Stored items
(* For any attacker mixed strategy $\sigma_a$ (a probability distribution over subsets of $C$ of size at most $k_a$), the set function $g(S_d\mid\sigma_a)=\mathbb{E}_{S_a\sim\sigma_a}[f(\emptyset,S_a)-f(S_d,S_a)]$, defined on subsets $S_d\subseteq C$, is monotone and submodular.
   Context: Setting: voters $V$, channels $C$, edge probabilities $p_{uv},q_{uv}\in[0,1]$ (0 for non-edges), known preferences $\theta_v\in\{0,1\}$, and $f(S_d,S_a)=\sum_{v\in V}\theta_v\left(\prod_{u\in S_d}(1-q_{uv})\right)\left(1-\prod_{u\in S_a}(1-p_{uv})\right)$. A set function $h$ is monotone if $h(A\cup\{u\})\ge h(A)$ for all $A,u$, and submodular if $h(B\cup\{u\})-h(B)\le h(A\cup\{u\})-h(A)$ for all $A\subseteq B$ and $u\notin B$. *)

theory Defs
  imports "HOL-Probability.Probability"
begin

text \<open>Expected number of (preference-1) voters influenced, as in the paper:
  f(S_d,S_a) = sum_v theta_v * prod_{u in S_d}(1 - q_uv) * (1 - prod_{u in S_a}(1 - p_uv)).\<close>
definition f_inf :: "'v set \<Rightarrow> ('c \<Rightarrow> 'v \<Rightarrow> real) \<Rightarrow> ('c \<Rightarrow> 'v \<Rightarrow> real) \<Rightarrow> ('v \<Rightarrow> real)
    \<Rightarrow> 'c set \<Rightarrow> 'c set \<Rightarrow> real" where
  "f_inf V p q \<theta> Sd Sa =
     (\<Sum>v\<in>V. \<theta> v * (\<Prod>u\<in>Sd. 1 - q u v) * (1 - (\<Prod>u\<in>Sa. 1 - p u v)))"

definition g_def_fun :: "'v set \<Rightarrow> ('c \<Rightarrow> 'v \<Rightarrow> real) \<Rightarrow> ('c \<Rightarrow> 'v \<Rightarrow> real) \<Rightarrow> ('v \<Rightarrow> real)
    \<Rightarrow> 'c set pmf \<Rightarrow> 'c set \<Rightarrow> real" where
  "g_def_fun V p q \<theta> \<sigma> Sd =
     measure_pmf.expectation \<sigma> (\<lambda>Sa. f_inf V p q \<theta> {} Sa - f_inf V p q \<theta> Sd Sa)"

definition monotone_on_subsets :: "'c set \<Rightarrow> ('c set \<Rightarrow> real) \<Rightarrow> bool" where
  "monotone_on_subsets C h \<longleftrightarrow>
     (\<forall>A u. A \<subseteq> C \<and> u \<in> C \<longrightarrow> h (A \<union> {u}) \<ge> h A)"

definition submodular_on_subsets :: "'c set \<Rightarrow> ('c set \<Rightarrow> real) \<Rightarrow> bool" where
  "submodular_on_subsets C h \<longleftrightarrow>
     (\<forall>A B u. A \<subseteq> B \<and> B \<subseteq> C \<and> u \<in> C \<and> u \<notin> B \<longrightarrow>
        h (B \<union> {u}) - h B \<le> h (A \<union> {u}) - h A)"

end

theory Submission
  imports Defs
begin

text \<open>For a fixed attacker set S_a, the reduction f(\<emptyset>,S_a) - f(S_d,S_a) is a nonnegative
  combination, over the voters v, of the probabilities 1 - \<Prod>u\<in>S_d. (1 - q u v) that v is
  reached by some defending channel.  Each such coverage probability is monotone and submodular,
  since adding a channel u to S_d raises it by q u v \<cdot> \<Prod>u\<in>S_d. (1 - q u v), a quantity that
  shrinks as S_d grows.  Both properties survive nonnegative combinations and taking the
  expectation over S_a.\<close>

lemma monotone_on_subsets_nonneg_combination:
  assumes "\<And>i. i \<in> I \<Longrightarrow> 0 \<le> c i" and "\<And>i. i \<in> I \<Longrightarrow> monotone_on_subsets C (h i)"
  shows "monotone_on_subsets C (\<lambda>A. \<Sum>i\<in>I. c i * h i A)"
  using assms unfolding monotone_on_subsets_def
  by (auto intro!: sum_mono mult_left_mono)

lemma submodular_on_subsets_nonneg_combination:
  assumes "\<And>i. i \<in> I \<Longrightarrow> 0 \<le> c i" and "\<And>i. i \<in> I \<Longrightarrow> submodular_on_subsets C (h i)"
  shows "submodular_on_subsets C (\<lambda>A. \<Sum>i\<in>I. c i * h i A)"
  unfolding submodular_on_subsets_def
proof (intro allI impI)
  fix A B u assume "A \<subseteq> B \<and> B \<subseteq> C \<and> u \<in> C \<and> u \<notin> B"
  then have "c i * (h i (B \<union> {u}) - h i B) \<le> c i * (h i (A \<union> {u}) - h i A)" if "i \<in> I" for i
    using assms that unfolding submodular_on_subsets_def by (intro mult_left_mono) auto
  then show "(\<Sum>i\<in>I. c i * h i (B \<union> {u})) - (\<Sum>i\<in>I. c i * h i B)
      \<le> (\<Sum>i\<in>I. c i * h i (A \<union> {u})) - (\<Sum>i\<in>I. c i * h i A)"
    by (simp add: sum_subtractf[symmetric] right_diff_distrib sum_mono)
qed

lemma monotone_on_subsets_expectation:
  fixes \<sigma> :: "'a pmf"
  assumes "\<And>A. integrable \<sigma> (\<lambda>x. h x A)"
    and "\<And>x. x \<in> set_pmf \<sigma> \<Longrightarrow> monotone_on_subsets C (h x)"
  shows "monotone_on_subsets C (\<lambda>A. measure_pmf.expectation \<sigma> (\<lambda>x. h x A))"
  using assms unfolding monotone_on_subsets_def
  by (auto intro!: integral_mono_AE AE_pmfI)

lemma submodular_on_subsets_expectation:
  fixes \<sigma> :: "'a pmf"
  assumes int: "\<And>A. integrable \<sigma> (\<lambda>x. h x A)"
    and "\<And>x. x \<in> set_pmf \<sigma> \<Longrightarrow> submodular_on_subsets C (h x)"
  shows "submodular_on_subsets C (\<lambda>A. measure_pmf.expectation \<sigma> (\<lambda>x. h x A))"
  unfolding submodular_on_subsets_def
proof (intro allI impI)
  fix A B u assume "A \<subseteq> B \<and> B \<subseteq> C \<and> u \<in> C \<and> u \<notin> B"
  then have "AE x in \<sigma>. h x (B \<union> {u}) - h x B \<le> h x (A \<union> {u}) - h x A"
    using assms(2) unfolding submodular_on_subsets_def by (auto intro!: AE_pmfI)
  then have "measure_pmf.expectation \<sigma> (\<lambda>x. h x (B \<union> {u}) - h x B)
      \<le> measure_pmf.expectation \<sigma> (\<lambda>x. h x (A \<union> {u}) - h x A)"
    by (intro integral_mono_AE) (use int in auto)
  then show "measure_pmf.expectation \<sigma> (\<lambda>x. h x (B \<union> {u})) - measure_pmf.expectation \<sigma> (\<lambda>x. h x B)
      \<le> measure_pmf.expectation \<sigma> (\<lambda>x. h x (A \<union> {u})) - measure_pmf.expectation \<sigma> (\<lambda>x. h x A)"
    by (simp add: int)
qed

lemma prod_one_minus_antimono:
  fixes q :: "'c \<Rightarrow> real"
  assumes "finite B" "A \<subseteq> B" "\<And>u. 0 \<le> q u \<and> q u \<le> 1"
  shows "(\<Prod>u\<in>B. 1 - q u) \<le> (\<Prod>u\<in>A. 1 - q u)"
proof -
  have "(\<Prod>u\<in>B. 1 - q u) = (\<Prod>u\<in>B - A. 1 - q u) * (\<Prod>u\<in>A. 1 - q u)"
    by (rule prod.subset_diff[OF assms(2,1)])
  also have "\<dots> \<le> 1 * (\<Prod>u\<in>A. 1 - q u)"
    using assms(3) by (intro mult_right_mono prod_le_1 prod_nonneg) auto
  finally show ?thesis by simp
qed

lemma one_minus_prod_marginal_gain:
  fixes q :: "'c \<Rightarrow> real"
  assumes "finite A" "u \<notin> A"
  shows "(1 - (\<Prod>w\<in>A \<union> {u}. 1 - q w)) - (1 - (\<Prod>w\<in>A. 1 - q w)) = q u * (\<Prod>w\<in>A. 1 - q w)"
  using assms by (simp add: algebra_simps)

lemma monotone_on_subsets_one_minus_prod:
  fixes q :: "'c \<Rightarrow> real"
  assumes "finite C" "\<And>u. 0 \<le> q u \<and> q u \<le> 1"
  shows "monotone_on_subsets C (\<lambda>A. 1 - (\<Prod>w\<in>A. 1 - q w))"
  unfolding monotone_on_subsets_def
proof (intro allI impI)
  fix A u assume "A \<subseteq> C \<and> u \<in> C"
  then have "finite (A \<union> {u})"
    using assms(1) finite_subset by blast
  from prod_one_minus_antimono[where q = q, OF this Un_upper1 assms(2)]
  show "1 - (\<Prod>w\<in>A. 1 - q w) \<le> 1 - (\<Prod>w\<in>A \<union> {u}. 1 - q w)"
    by linarith
qed

lemma submodular_on_subsets_one_minus_prod:
  fixes q :: "'c \<Rightarrow> real"
  assumes "finite C" "\<And>u. 0 \<le> q u \<and> q u \<le> 1"
  shows "submodular_on_subsets C (\<lambda>A. 1 - (\<Prod>w\<in>A. 1 - q w))"
  unfolding submodular_on_subsets_def
proof (intro allI impI)
  fix A B u assume "A \<subseteq> B \<and> B \<subseteq> C \<and> u \<in> C \<and> u \<notin> B"
  then have AB: "A \<subseteq> B" and BC: "B \<subseteq> C" and "u \<notin> B" "u \<notin> A"
    by auto
  have "finite B"
    using assms(1) BC by (rule finite_subset[rotated])
  then have "finite A"
    using AB by (rule finite_subset[rotated])
  have "q u * (\<Prod>w\<in>B. 1 - q w) \<le> q u * (\<Prod>w\<in>A. 1 - q w)"
    using prod_one_minus_antimono[where q = q, OF \<open>finite B\<close> AB assms(2)] assms(2)[of u]
    by (intro mult_left_mono) auto
  then show "1 - (\<Prod>w\<in>B \<union> {u}. 1 - q w) - (1 - (\<Prod>w\<in>B. 1 - q w))
      \<le> 1 - (\<Prod>w\<in>A \<union> {u}. 1 - q w) - (1 - (\<Prod>w\<in>A. 1 - q w))"
    unfolding one_minus_prod_marginal_gain[OF \<open>finite A\<close> \<open>u \<notin> A\<close>]
      one_minus_prod_marginal_gain[OF \<open>finite B\<close> \<open>u \<notin> B\<close>] .
qed

lemma f_inf_reduction_eq:
  "f_inf V p q \<theta> {} Sa - f_inf V p q \<theta> Sd Sa
     = (\<Sum>v\<in>V. (\<theta> v * (1 - (\<Prod>u\<in>Sa. 1 - p u v))) * (1 - (\<Prod>u\<in>Sd. 1 - q u v)))"
  unfolding f_inf_def by (simp add: sum_subtractf[symmetric] algebra_simps)

theorem mainTheorem4:
  fixes V :: "'v set" and C :: "'c set" and p q :: "'c \<Rightarrow> 'v \<Rightarrow> real"
    and \<theta> :: "'v \<Rightarrow> real" and ka :: nat and \<sigma> :: "'c set pmf"
  assumes "finite V" and "finite C"
    and "\<And>u v. 0 \<le> p u v \<and> p u v \<le> 1"
    and "\<And>u v. 0 \<le> q u v \<and> q u v \<le> 1"
    and "\<And>v. v \<in> V \<Longrightarrow> \<theta> v \<in> {0, 1}"
    and "\<And>S. S \<in> set_pmf \<sigma> \<Longrightarrow> S \<subseteq> C \<and> card S \<le> ka"
  shows "monotone_on_subsets C (g_def_fun V p q \<theta> \<sigma>)
       \<and> submodular_on_subsets C (g_def_fun V p q \<theta> \<sigma>)"
proof -
  define h where "h Sa Sd = (\<Sum>v\<in>V. (\<theta> v * (1 - (\<Prod>u\<in>Sa. 1 - p u v))) * (1 - (\<Prod>u\<in>Sd. 1 - q u v)))"
    for Sa Sd
  have g_eq: "g_def_fun V p q \<theta> \<sigma> = (\<lambda>Sd. measure_pmf.expectation \<sigma> (\<lambda>Sa. h Sa Sd))"
    unfolding g_def_fun_def h_def f_inf_reduction_eq ..
  have "finite (set_pmf \<sigma>)"
    using assms(2,6) by (auto intro: finite_subset[of _ "Pow C"])
  then have int: "integrable \<sigma> (\<lambda>Sa. h Sa Sd)" for Sd
    by (rule integrable_measure_pmf_finite)
  have weight_nonneg: "0 \<le> \<theta> v * (1 - (\<Prod>u\<in>Sa. 1 - p u v))" if "v \<in> V" for v Sa
    using assms(3) assms(5)[OF that] by (auto intro!: prod_le_1)
  have "monotone_on_subsets C (h Sa)" "submodular_on_subsets C (h Sa)" for Sa
    unfolding h_def using weight_nonneg assms(2,4)
    by (intro monotone_on_subsets_nonneg_combination submodular_on_subsets_nonneg_combination
        monotone_on_subsets_one_minus_prod submodular_on_subsets_one_minus_prod; auto)+
  then show ?thesis
    unfolding g_eq using int
    by (auto intro!: monotone_on_subsets_expectation submodular_on_subsets_expectation)
qed

end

### The problem
A single number is the answer here: how many lines above carry the string "close"?

### Response area
5